**DESCRIPTION OF THE TASK**
A complete answer lists every line of the entries below where the string "closure" appears.

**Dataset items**
━━━━━━
(* Let $F$ be a Pythagorean formally real field with finitely many orderings, let $\sigma_1,\dots,\sigma_n\in X_F$ form a basis (i.e. their characters form a basis of $\chi(\dot F/\dot F^2)$ and every element of $X_F$ is a product of an odd number of them), and let $\tau\in\mathcal G_F$ be such that $\chi_\tau\sigma_i\in X_F$ for all $i=1,\dots,n$. Then $\chi_\tau X_F=X_F$.
   Context: $F$ has characteristic $0$; Pythagorean: every sum of two squares is a square; formally real: $-1$ is not a sum of squares. $\mathcal G_F=\mathrm{Gal}(F^{(3)}/F)$ is the W-group, where $F^{(2)}=F(\sqrt a:a\in\dot F)$ and $F^{(3)}$ is the compositum of all quadratic extensions $K$ of $F^{(2)}$ with $K/F$ Galois. $X_F$ is the set of orderings of $F$, each ordering $P$ identified with its signature character $\operatorname{sgn}_P\in\chi(\dot F/\dot F^2)=\mathrm{Hom}(\dot F/\dot F^2,\{\pm1\})$ ($\operatorname{sgn}_P(a)=1$ iff $a\in P$). For $\tau\in\mathcal G_F$, $\chi_\tau\in\chi(\dot F/\dot F^2)$ is the character $a\mapsto\tau(\sqrt a)/\sqrt a$; products of characters are pointwise. *)

theory Defs
  imports Main
begin

definition is_ordering :: "'a::field set \<Rightarrow> bool" where
  "is_ordering P \<longleftrightarrow>
     (\<forall>x\<in>P. \<forall>y\<in>P. x + y \<in> P \<and> x * y \<in> P) \<and>
     (\<forall>x. x \<in> P \<or> - x \<in> P) \<and>
     (\<forall>x. x \<in> P \<and> - x \<in> P \<longrightarrow> x = 0)"

text \<open>They are normalised to the value 1 at 0 so that they are
  determined by their values on nonzero elements.  (Multiplicativity forces triviality
  on squares, so these are exactly the characters of the multiplicative group modulo squares.)\<close>
definition sq_char :: "('a::field \<Rightarrow> int) \<Rightarrow> bool" where
  "sq_char c \<longleftrightarrow> (\<forall>a. c a = 1 \<or> c a = -1) \<and> c 0 = 1 \<and>
     (\<forall>a b. a \<noteq> 0 \<longrightarrow> b \<noteq> 0 \<longrightarrow> c (a * b) = c a * c b)"

definition sgn_ord :: "'a::field set \<Rightarrow> 'a \<Rightarrow> int" where
  "sgn_ord P a = (if a \<noteq> 0 \<and> a \<notin> P then -1 else 1)"

definition X_F :: "('a::field \<Rightarrow> int) set" where
  "X_F = {sgn_ord P | P. is_ordering P}"

definition char_mult :: "('a \<Rightarrow> int) \<Rightarrow> ('a \<Rightarrow> int) \<Rightarrow> 'a \<Rightarrow> int" where
  "char_mult c d = (\<lambda>a. c a * d a)"

definition char_prod :: "(nat \<Rightarrow> 'a \<Rightarrow> int) \<Rightarrow> nat set \<Rightarrow> 'a \<Rightarrow> int" where
  "char_prod \<sigma> S = (\<lambda>a. \<Prod>i\<in>S. \<sigma> i a)"

definition pythagorean :: "'a::field itself \<Rightarrow> bool" where
  "pythagorean _ \<longleftrightarrow> (\<forall>a b :: 'a. \<exists>c. a\<^sup>2 + b\<^sup>2 = c\<^sup>2)"

definition formally_real :: "'a::field itself \<Rightarrow> bool" where
  "formally_real _ \<longleftrightarrow> \<not> (\<exists>xs :: 'a list. - 1 = sum_list (map (\<lambda>x. x\<^sup>2) xs))"

definition ord_basis :: "(nat \<Rightarrow> 'a::field \<Rightarrow> int) \<Rightarrow> nat \<Rightarrow> bool" where
  "ord_basis \<sigma> n \<longleftrightarrow>
     (\<forall>i<n. \<sigma> i \<in> X_F) \<and>
     (\<forall>c. sq_char c \<longrightarrow> (\<exists>!S. S \<subseteq> {..<n} \<and> c = char_prod \<sigma> S)) \<and>
     (\<forall>x\<in>X_F. \<exists>S. S \<subseteq> {..<n} \<and> odd (card S) \<and> x = char_prod \<sigma> S)"

end

theory Submission
  imports Defs
begin

text \<open>A square-class character \<open>c\<close> is the signature of an ordering iff \<open>c (-1) = -1\<close> and
  its kernel is closed under \<open>u \<mapsto> 1 + u\<close>; the kernel is then the positive cone.  For a product
  \<open>x\<close> of an odd number of the \<open>\<sigma>\<^sub>i\<close>, the closure condition for \<open>\<chi> x\<close> at \<open>u\<close> only involves the
  signs of \<open>\<chi>\<close> and the \<open>\<sigma>\<^sub>i\<close> at \<open>u\<close> and \<open>1 + u\<close>, and a case distinction on the two signs of \<open>\<chi>\<close>
  derives it from the closure conditions for \<open>x\<close>, the \<open>\<sigma>\<^sub>i\<close> and the \<open>\<chi> \<sigma>\<^sub>i\<close>.  Hence \<open>\<chi> X\<^sub>F \<subseteq> X\<^sub>F\<close>,
  with equality because multiplication by \<open>\<chi>\<close> is an involution.\<close>

definition ordering_char :: "('a::field \<Rightarrow> int) \<Rightarrow> bool" where
  "ordering_char c \<longleftrightarrow> sq_char c \<and> c (-1) = -1 \<and> (\<forall>u. c u = 1 \<longrightarrow> c (1 + u) = 1)"

lemma is_orderingD:
  assumes "is_ordering P"
  shows is_ordering_add: "x \<in> P \<Longrightarrow> y \<in> P \<Longrightarrow> x + y \<in> P"
    and is_ordering_mult: "x \<in> P \<Longrightarrow> y \<in> P \<Longrightarrow> x * y \<in> P"
    and is_ordering_total: "x \<in> P \<or> - x \<in> P"
    and is_ordering_antisym: "x \<in> P \<Longrightarrow> - x \<in> P \<Longrightarrow> x = 0"
  using assms unfolding is_ordering_def by blast+

lemma is_ordering_one: "is_ordering P \<Longrightarrow> 1 \<in> P"
  using is_ordering_total[of P 1] is_ordering_mult[of P "-1" "-1"] by auto

lemma is_ordering_neg_iff:
  assumes "is_ordering P" "x \<noteq> 0"
  shows "- x \<in> P \<longleftrightarrow> x \<notin> P"
  using assms is_ordering_total is_ordering_antisym by blast

lemma is_ordering_mult_iff:
  assumes P: "is_ordering P" and "a \<noteq> 0" "b \<noteq> 0"
  shows "a * b \<in> P \<longleftrightarrow> (a \<in> P \<longleftrightarrow> b \<in> P)"
proof -
  have "a * b \<in> P" if "a \<in> P \<longleftrightarrow> b \<in> P"
    using that is_ordering_mult[OF P, of a b] is_ordering_mult[OF P, of "-a" "-b"]
      is_ordering_neg_iff[OF P] assms by auto
  moreover have "- (a * b) \<in> P" if "\<not> (a \<in> P \<longleftrightarrow> b \<in> P)"
    using that is_ordering_mult[OF P, of "-a" b] is_ordering_mult[OF P, of a "-b"]
      is_ordering_neg_iff[OF P] assms by auto
  ultimately show ?thesis
    using is_ordering_neg_iff[OF P, of "a * b"] assms by auto
qed

lemma ordering_char_sgn_ord:
  assumes P: "is_ordering P"
  shows "ordering_char (sgn_ord P)"
proof -
  have "sq_char (sgn_ord P)"
    unfolding sq_char_def sgn_ord_def using is_ordering_mult_iff[OF P] by auto
  moreover have "sgn_ord P (-1) = -1"
    using is_ordering_neg_iff[OF P, of 1] is_ordering_one[OF P] by (simp add: sgn_ord_def)
  moreover have "sgn_ord P (1 + u) = 1" if "sgn_ord P u = 1" for u
  proof -
    have "u \<in> P"
      using that is_ordering_total[OF P, of 0] by (auto simp: sgn_ord_def split: if_splits)
    then show ?thesis
      using is_ordering_add[OF P] is_ordering_one[OF P] by (simp add: sgn_ord_def)
  qed
  ultimately show ?thesis unfolding ordering_char_def by blast
qed

lemma sq_charD:
  assumes "sq_char c"
  shows sq_char_sign: "c a = 1 \<or> c a = -1"
    and sq_char_zero: "c 0 = 1"
    and sq_char_mult: "a \<noteq> 0 \<Longrightarrow> b \<noteq> 0 \<Longrightarrow> c (a * b) = c a * c b"
  using assms unfolding sq_char_def by blast+

lemma sq_char_one:
  assumes "sq_char c"
  shows "c 1 = 1"
proof -
  have "c 1 = c 1 * c 1"
    using sq_char_mult[OF assms, of 1 1] by simp
  then show ?thesis
    using sq_char_sign[OF assms, of 1] by auto
qed

lemma sq_char_inverse:
  assumes c: "sq_char c" and "x \<noteq> 0"
  shows "c (inverse x) = c x"
proof -
  have "c x * c (inverse x) = 1"
    using sq_char_mult[OF c, of x "inverse x"] sq_char_one[OF c] \<open>x \<noteq> 0\<close> by simp
  then show ?thesis
    using sq_char_sign[OF c, of x] sq_char_sign[OF c, of "inverse x"] by auto
qed

lemma is_ordering_ordering_char_kernel:
  assumes c: "ordering_char c"
  shows "is_ordering {a. c a = 1}"
proof -
  have sq: "sq_char c" and neg1: "c (-1) = -1" and step: "\<And>u. c u = 1 \<Longrightarrow> c (1 + u) = 1"
    using c unfolding ordering_char_def by blast+
  note sign = sq_char_sign[OF sq] and mult = sq_char_mult[OF sq] and c0 = sq_char_zero[OF sq]
  have neg: "c (- x) = - c x" if "x \<noteq> 0" for x
    using mult[of "-1" x] neg1 that by simp
  have mult_mem: "c (x * y) = 1" if "c x = 1" "c y = 1" for x y
    using that c0 mult[of x y] by (cases "x = 0"; cases "y = 0") simp_all
  have add_mem: "c (x + y) = 1" if x: "c x = 1" and y: "c y = 1" for x y
  proof (cases "x = 0")
    case False
    \<comment> \<open>\<open>x + y = x (1 + y/x)\<close> reduces additivity to the closure condition\<close>
    have "c (y * inverse x) = 1"
      using mult_mem[OF y] sq_char_inverse[OF sq False] x by simp
    then have "c (x * (1 + y * inverse x)) = 1"
      using mult_mem[OF x step] by blast
    moreover have "x * (1 + y * inverse x) = x + y"
      using False by (simp add: field_simps)
    ultimately show ?thesis by simp
  qed (simp add: y)
  have total: "c x = 1 \<or> c (- x) = 1" for x
    using neg[of x] sign[of x] c0 by (cases "x = 0") auto
  have antisym: "x = 0" if "c x = 1" "c (- x) = 1" for x
    using that neg[of x] by (cases "x = 0") auto
  show ?thesis
    unfolding is_ordering_def mem_Collect_eq
    using mult_mem add_mem total antisym by (intro conjI ballI allI impI) blast+
qed

lemma sgn_ord_ordering_char_kernel:
  assumes "ordering_char c"
  shows "sgn_ord {a. c a = 1} = c"
proof
  fix a
  show "sgn_ord {a. c a = 1} a = c a"
    using assms sq_char_sign[of c a] sq_char_zero[of c]
    unfolding ordering_char_def sgn_ord_def by auto
qed

lemma X_F_eq: "X_F = {c :: 'a::field \<Rightarrow> int. ordering_char c}"
proof (intro set_eqI iffI)
  fix c :: "'a \<Rightarrow> int"
  assume "c \<in> X_F"
  then show "c \<in> {c. ordering_char c}"
    unfolding X_F_def using ordering_char_sgn_ord by auto
next
  fix c :: "'a \<Rightarrow> int"
  assume "c \<in> {c. ordering_char c}"
  then have "c = sgn_ord {a. c a = 1} \<and> is_ordering {a. c a = 1}"
    using sgn_ord_ordering_char_kernel is_ordering_ordering_char_kernel by auto
  then show "c \<in> X_F"
    unfolding X_F_def by blast
qed

lemma odd_prod_sign_step:
  fixes s t :: "'i \<Rightarrow> int" and a b :: int
  assumes odd: "odd (card S)"
    and a: "a = 1 \<or> a = -1" and b: "b = 1 \<or> b = -1"
    and s: "\<And>i. i \<in> S \<Longrightarrow> s i = 1 \<or> s i = -1"
    and step: "\<And>i. i \<in> S \<Longrightarrow> s i = 1 \<Longrightarrow> t i = 1"
    and twisted_step: "\<And>i. i \<in> S \<Longrightarrow> a * s i = 1 \<Longrightarrow> b * t i = 1"
    and prod_step: "prod s S = 1 \<Longrightarrow> prod t S = 1"
    and twisted: "a * prod s S = 1"
  shows "b * prod t S = 1"
  using a b
proof (elim disjE)
  assume "a = 1" "b = 1"
  then show ?thesis using prod_step twisted by simp
next
  assume "a = 1" "b = -1"
  then have "s i = -1" if "i \<in> S" for i
    using s[OF that] step[OF that] twisted_step[OF that] by auto
  then have "prod s S = -1"
    using odd by simp
  with \<open>a = 1\<close> twisted show ?thesis by simp
next
  assume "a = -1" "b = 1"
  then have "t i = 1" if "i \<in> S" for i
    using s[OF that] step[OF that] twisted_step[OF that] by auto
  with \<open>b = 1\<close> show ?thesis by simp
next
  assume "a = -1" "b = -1"
  then have "t i = s i" if "i \<in> S" for i
    using s[OF that] step[OF that] twisted_step[OF that] by auto
  then have "prod t S = prod s S"
    by (rule prod.cong[OF refl])
  with \<open>a = -1\<close> \<open>b = -1\<close> twisted show ?thesis by simp
qed

lemma sq_char_char_mult:
  assumes "sq_char c" "sq_char d"
  shows "sq_char (char_mult c d)"
proof -
  have "c a * d a = 1 \<or> c a * d a = -1" for a
    using sq_char_sign[OF assms(1), of a] sq_char_sign[OF assms(2), of a] by auto
  then show ?thesis
    using assms unfolding sq_char_def char_mult_def by (simp add: algebra_simps)
qed

lemma char_mult_involution:
  assumes "sq_char c"
  shows "char_mult c (char_mult c d) = d"
proof
  fix a
  show "char_mult c (char_mult c d) a = d a"
    using sq_char_sign[OF assms, of a] by (auto simp: char_mult_def)
qed

lemma ordering_char_char_mult_odd_prod:
  fixes \<chi> :: "'a::field \<Rightarrow> int" and \<sigma> :: "nat \<Rightarrow> 'a \<Rightarrow> int"
  assumes \<chi>: "sq_char \<chi>" and odd: "odd (card S)"
    and \<sigma>: "\<And>i. i \<in> S \<Longrightarrow> ordering_char (\<sigma> i)"
    and \<chi>\<sigma>: "\<And>i. i \<in> S \<Longrightarrow> ordering_char (char_mult \<chi> (\<sigma> i))"
    and x: "ordering_char (char_prod \<sigma> S)"
  shows "ordering_char (char_mult \<chi> (char_prod \<sigma> S))"
proof -
  obtain i0 where "i0 \<in> S"
    using odd by fastforce
  then have "\<chi> (-1) = 1"
    using \<sigma>[of i0] \<chi>\<sigma>[of i0] unfolding ordering_char_def char_mult_def by auto
  moreover have "\<chi> (1 + u) * char_prod \<sigma> S (1 + u) = 1"
    if "\<chi> u * char_prod \<sigma> S u = 1" for u
    unfolding char_prod_def
  proof (rule odd_prod_sign_step[OF odd])
    show "\<chi> u * (\<Prod>i\<in>S. \<sigma> i u) = 1"
      using that by (simp add: char_prod_def)
    show "(\<Prod>i\<in>S. \<sigma> i u) = 1 \<Longrightarrow> (\<Prod>i\<in>S. \<sigma> i (1 + u)) = 1"
      using x unfolding ordering_char_def char_prod_def by blast
    show "\<sigma> i u = 1 \<or> \<sigma> i u = -1" "\<sigma> i u = 1 \<Longrightarrow> \<sigma> i (1 + u) = 1" if "i \<in> S" for i
      using \<sigma>[OF that] sq_char_sign[of "\<sigma> i" u] unfolding ordering_char_def by auto
    show "\<chi> u * \<sigma> i u = 1 \<Longrightarrow> \<chi> (1 + u) * \<sigma> i (1 + u) = 1" if "i \<in> S" for i
      using \<chi>\<sigma>[OF that] unfolding ordering_char_def char_mult_def by blast
  qed (use sq_char_sign[OF \<chi>] in auto)
  ultimately show ?thesis
    using sq_char_char_mult[OF \<chi>] x unfolding ordering_char_def char_mult_def by simp
qed

lemma ord_basisD:
  assumes "ord_basis \<sigma> n"
  shows ord_basis_mem_X_F: "i < n \<Longrightarrow> \<sigma> i \<in> X_F"
    and ord_basis_odd_prod: "x \<in> X_F \<Longrightarrow> \<exists>S\<subseteq>{..<n}. odd (card S) \<and> x = char_prod \<sigma> S"
proof -
  have "(\<forall>i<n. \<sigma> i \<in> X_F) \<and> (\<forall>x\<in>X_F. \<exists>S. S \<subseteq> {..<n} \<and> odd (card S) \<and> x = char_prod \<sigma> S)"
    using assms unfolding ord_basis_def by (elim conjE) (intro conjI)
  then show "i < n \<Longrightarrow> \<sigma> i \<in> X_F" "x \<in> X_F \<Longrightarrow> \<exists>S\<subseteq>{..<n}. odd (card S) \<and> x = char_prod \<sigma> S"
    by blast+
qed

theorem lemma3p4:
  fixes \<sigma> :: "nat \<Rightarrow> 'a::field_char_0 \<Rightarrow> int" and n :: nat and \<chi> :: "'a \<Rightarrow> int"
  assumes "pythagorean TYPE('a)"
    and "formally_real TYPE('a)"
    and "finite {P :: 'a set. is_ordering P}"
    and "ord_basis \<sigma> n"
    and "sq_char \<chi>"
    and "\<forall>i<n. char_mult \<chi> (\<sigma> i) \<in> X_F"
  shows "char_mult \<chi> ` X_F = (X_F :: ('a \<Rightarrow> int) set)"
proof -
  have maps_to: "char_mult \<chi> x \<in> X_F" if "x \<in> X_F" for x :: "'a \<Rightarrow> int"
  proof -
    obtain S where S: "S \<subseteq> {..<n}" "odd (card S)" and x: "x = char_prod \<sigma> S"
      using ord_basis_odd_prod[OF assms(4) \<open>x \<in> X_F\<close>] by blast
    have "ordering_char (\<sigma> i)" "ordering_char (char_mult \<chi> (\<sigma> i))" if "i \<in> S" for i
      using ord_basis_mem_X_F[OF assms(4)] assms(6) S(1) that unfolding X_F_eq by auto
    moreover have "ordering_char (char_prod \<sigma> S)"
      using \<open>x \<in> X_F\<close> x unfolding X_F_eq by simp
    ultimately show ?thesis
      using ordering_char_char_mult_odd_prod[OF assms(5) S(2)] x unfolding X_F_eq by simp
  qed
  show ?thesis
  proof (intro equalityI image_subsetI subsetI)
    fix x :: "'a \<Rightarrow> int"
    assume "x \<in> X_F"
    then show "x \<in> char_mult \<chi> ` X_F"
      using maps_to[OF \<open>x \<in> X_F\<close>] char_mult_involution[OF assms(5), of x] by (metis image_eqI)
  qed (rule maps_to)
qed

end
━━━━━━
**EXERCISE RESULT**
  \<open>x\<close> of an odd number of the \<open>\<sigma>\<^sub>i\<close>, the closure condition for \<open>\<chi> x\<close> at \<open>u\<close> only involves the
  derives it from the closure conditions for \<open>x\<close>, the \<open>\<sigma>\<^sub>i\<close> and the \<open>\<chi> \<sigma>\<^sub>i\<close>.  Hence \<open>\<chi> X\<^sub>F \<subseteq> X\<^sub>F\<close>,
    \<comment> \<open>\<open>x + y = x (1 + y/x)\<close> reduces additivity to the closure condition\<close>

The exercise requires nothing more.